(Items listed in a dataset)
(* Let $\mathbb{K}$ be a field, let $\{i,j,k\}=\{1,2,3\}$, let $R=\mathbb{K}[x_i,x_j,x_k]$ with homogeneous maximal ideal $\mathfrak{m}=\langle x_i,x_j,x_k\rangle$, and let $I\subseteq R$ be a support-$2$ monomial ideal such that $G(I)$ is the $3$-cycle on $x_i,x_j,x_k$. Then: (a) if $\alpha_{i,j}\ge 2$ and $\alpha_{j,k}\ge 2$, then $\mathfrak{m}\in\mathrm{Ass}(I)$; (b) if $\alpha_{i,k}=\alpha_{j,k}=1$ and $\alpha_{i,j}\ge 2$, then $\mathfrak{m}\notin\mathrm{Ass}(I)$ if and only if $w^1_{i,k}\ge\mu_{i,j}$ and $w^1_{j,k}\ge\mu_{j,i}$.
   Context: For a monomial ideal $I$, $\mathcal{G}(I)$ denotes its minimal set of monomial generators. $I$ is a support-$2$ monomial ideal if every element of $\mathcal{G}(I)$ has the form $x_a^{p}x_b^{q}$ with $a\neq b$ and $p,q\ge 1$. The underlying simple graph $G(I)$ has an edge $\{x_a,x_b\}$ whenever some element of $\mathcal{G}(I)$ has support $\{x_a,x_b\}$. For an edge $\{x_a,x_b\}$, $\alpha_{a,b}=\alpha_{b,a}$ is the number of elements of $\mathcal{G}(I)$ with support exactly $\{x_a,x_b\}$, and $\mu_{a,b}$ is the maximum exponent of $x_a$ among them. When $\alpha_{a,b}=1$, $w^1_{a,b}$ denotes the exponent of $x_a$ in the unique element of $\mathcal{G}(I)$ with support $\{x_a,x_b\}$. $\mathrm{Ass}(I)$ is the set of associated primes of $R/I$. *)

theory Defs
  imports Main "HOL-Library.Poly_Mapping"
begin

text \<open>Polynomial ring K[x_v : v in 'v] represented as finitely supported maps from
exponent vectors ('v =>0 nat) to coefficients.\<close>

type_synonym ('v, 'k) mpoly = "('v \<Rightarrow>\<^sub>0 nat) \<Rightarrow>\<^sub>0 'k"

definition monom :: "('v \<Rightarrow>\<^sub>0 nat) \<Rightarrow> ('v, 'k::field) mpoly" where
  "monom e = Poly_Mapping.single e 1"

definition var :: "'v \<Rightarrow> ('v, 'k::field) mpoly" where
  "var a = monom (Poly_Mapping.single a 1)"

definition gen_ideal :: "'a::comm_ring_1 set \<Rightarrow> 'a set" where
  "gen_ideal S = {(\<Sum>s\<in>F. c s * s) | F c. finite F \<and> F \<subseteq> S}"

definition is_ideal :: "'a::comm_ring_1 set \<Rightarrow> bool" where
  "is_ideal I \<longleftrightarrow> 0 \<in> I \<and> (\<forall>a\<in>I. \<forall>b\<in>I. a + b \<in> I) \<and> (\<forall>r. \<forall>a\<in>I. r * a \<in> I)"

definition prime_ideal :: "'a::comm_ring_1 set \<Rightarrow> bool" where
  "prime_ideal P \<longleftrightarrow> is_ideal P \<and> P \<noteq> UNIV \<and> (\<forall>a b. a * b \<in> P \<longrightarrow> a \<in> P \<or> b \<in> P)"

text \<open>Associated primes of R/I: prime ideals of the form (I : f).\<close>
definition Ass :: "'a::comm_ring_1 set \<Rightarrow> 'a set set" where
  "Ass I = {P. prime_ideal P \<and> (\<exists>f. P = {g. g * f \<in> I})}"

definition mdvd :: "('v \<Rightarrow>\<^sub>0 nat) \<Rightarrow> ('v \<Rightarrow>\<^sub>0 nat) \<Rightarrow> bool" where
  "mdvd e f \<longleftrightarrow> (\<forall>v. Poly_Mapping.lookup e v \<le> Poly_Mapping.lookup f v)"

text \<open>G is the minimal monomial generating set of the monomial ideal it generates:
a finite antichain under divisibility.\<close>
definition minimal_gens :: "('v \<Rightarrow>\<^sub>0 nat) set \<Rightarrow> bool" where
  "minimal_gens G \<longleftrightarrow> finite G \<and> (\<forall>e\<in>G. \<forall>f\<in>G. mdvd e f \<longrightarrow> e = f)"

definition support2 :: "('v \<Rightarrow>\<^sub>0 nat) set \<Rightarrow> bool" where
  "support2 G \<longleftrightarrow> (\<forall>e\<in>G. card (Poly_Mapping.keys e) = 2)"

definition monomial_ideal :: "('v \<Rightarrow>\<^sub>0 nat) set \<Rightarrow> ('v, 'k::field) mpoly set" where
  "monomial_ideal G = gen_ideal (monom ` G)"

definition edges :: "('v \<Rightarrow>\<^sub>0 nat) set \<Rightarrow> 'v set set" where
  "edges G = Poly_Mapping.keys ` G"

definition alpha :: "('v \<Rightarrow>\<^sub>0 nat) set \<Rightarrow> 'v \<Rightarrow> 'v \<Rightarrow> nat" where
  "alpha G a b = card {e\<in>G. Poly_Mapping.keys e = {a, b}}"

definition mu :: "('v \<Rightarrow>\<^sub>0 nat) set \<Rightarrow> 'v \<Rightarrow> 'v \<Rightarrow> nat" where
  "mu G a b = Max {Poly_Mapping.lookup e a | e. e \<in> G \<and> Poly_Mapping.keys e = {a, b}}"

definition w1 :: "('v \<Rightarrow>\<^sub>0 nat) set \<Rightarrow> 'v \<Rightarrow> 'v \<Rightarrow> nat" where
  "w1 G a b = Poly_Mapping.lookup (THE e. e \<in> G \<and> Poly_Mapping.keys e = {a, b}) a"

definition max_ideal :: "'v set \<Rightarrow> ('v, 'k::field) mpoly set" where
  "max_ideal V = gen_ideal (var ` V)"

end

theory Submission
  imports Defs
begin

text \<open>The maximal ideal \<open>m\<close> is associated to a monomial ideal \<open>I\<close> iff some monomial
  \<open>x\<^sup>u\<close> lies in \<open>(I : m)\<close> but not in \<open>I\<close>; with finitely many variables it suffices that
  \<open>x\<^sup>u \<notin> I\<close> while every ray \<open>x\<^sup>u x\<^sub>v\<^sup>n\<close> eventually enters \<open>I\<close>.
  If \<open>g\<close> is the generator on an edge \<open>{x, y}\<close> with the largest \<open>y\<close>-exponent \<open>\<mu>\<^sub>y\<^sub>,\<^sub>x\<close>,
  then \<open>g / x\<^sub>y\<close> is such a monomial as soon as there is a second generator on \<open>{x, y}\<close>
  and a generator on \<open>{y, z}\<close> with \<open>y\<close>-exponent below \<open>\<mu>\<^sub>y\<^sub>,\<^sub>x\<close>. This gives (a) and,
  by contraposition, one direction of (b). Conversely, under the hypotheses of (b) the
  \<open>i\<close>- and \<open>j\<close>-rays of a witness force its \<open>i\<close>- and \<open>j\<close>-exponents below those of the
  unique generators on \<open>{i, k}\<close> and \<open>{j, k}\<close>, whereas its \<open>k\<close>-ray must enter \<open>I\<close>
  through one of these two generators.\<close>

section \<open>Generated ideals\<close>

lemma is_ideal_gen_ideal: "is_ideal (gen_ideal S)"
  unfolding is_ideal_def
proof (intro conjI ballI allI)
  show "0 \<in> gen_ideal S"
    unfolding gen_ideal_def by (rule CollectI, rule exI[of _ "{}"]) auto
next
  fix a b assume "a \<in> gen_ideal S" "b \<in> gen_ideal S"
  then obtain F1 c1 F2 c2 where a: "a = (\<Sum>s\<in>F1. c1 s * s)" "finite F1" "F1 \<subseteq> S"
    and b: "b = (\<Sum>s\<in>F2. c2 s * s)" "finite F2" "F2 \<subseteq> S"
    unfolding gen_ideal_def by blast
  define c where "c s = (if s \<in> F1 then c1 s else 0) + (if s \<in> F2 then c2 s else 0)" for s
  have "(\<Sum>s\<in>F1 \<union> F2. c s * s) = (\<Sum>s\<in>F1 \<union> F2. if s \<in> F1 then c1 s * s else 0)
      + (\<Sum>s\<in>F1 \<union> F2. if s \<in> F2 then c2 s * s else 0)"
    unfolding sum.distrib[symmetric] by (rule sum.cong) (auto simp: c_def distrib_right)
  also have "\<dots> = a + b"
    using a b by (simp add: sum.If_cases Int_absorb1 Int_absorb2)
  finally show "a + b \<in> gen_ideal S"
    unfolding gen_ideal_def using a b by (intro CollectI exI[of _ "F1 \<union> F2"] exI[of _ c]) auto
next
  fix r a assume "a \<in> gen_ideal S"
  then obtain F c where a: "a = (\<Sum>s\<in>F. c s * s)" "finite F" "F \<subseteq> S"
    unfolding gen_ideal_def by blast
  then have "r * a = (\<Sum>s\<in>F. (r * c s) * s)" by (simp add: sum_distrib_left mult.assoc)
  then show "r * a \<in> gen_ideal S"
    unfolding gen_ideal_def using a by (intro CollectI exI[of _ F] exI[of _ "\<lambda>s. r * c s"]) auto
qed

_YOUR ASSIGNMENT_
Reproduce the lines of the entries above exactly, but only from the line containing "(\<Sum>s\<in>F2. c2 s" through the final line.

_EXERCISE SOLUTION_
    and b: "b = (\<Sum>s\<in>F2. c2 s * s)" "finite F2" "F2 \<subseteq> S"
    unfolding gen_ideal_def by blast
  define c where "c s = (if s \<in> F1 then c1 s else 0) + (if s \<in> F2 then c2 s else 0)" for s
  have "(\<Sum>s\<in>F1 \<union> F2. c s * s) = (\<Sum>s\<in>F1 \<union> F2. if s \<in> F1 then c1 s * s else 0)
      + (\<Sum>s\<in>F1 \<union> F2. if s \<in> F2 then c2 s * s else 0)"
    unfolding sum.distrib[symmetric] by (rule sum.cong) (auto simp: c_def distrib_right)
  also have "\<dots> = a + b"
    using a b by (simp add: sum.If_cases Int_absorb1 Int_absorb2)
  finally show "a + b \<in> gen_ideal S"
    unfolding gen_ideal_def using a b by (intro CollectI exI[of _ "F1 \<union> F2"] exI[of _ c]) auto
next
  fix r a assume "a \<in> gen_ideal S"
  then obtain F c where a: "a = (\<Sum>s\<in>F. c s * s)" "finite F" "F \<subseteq> S"
    unfolding gen_ideal_def by blast
  then have "r * a = (\<Sum>s\<in>F. (r * c s) * s)" by (simp add: sum_distrib_left mult.assoc)
  then show "r * a \<in> gen_ideal S"
    unfolding gen_ideal_def using a by (intro CollectI exI[of _ F] exI[of _ "\<lambda>s. r * c s"]) auto
qed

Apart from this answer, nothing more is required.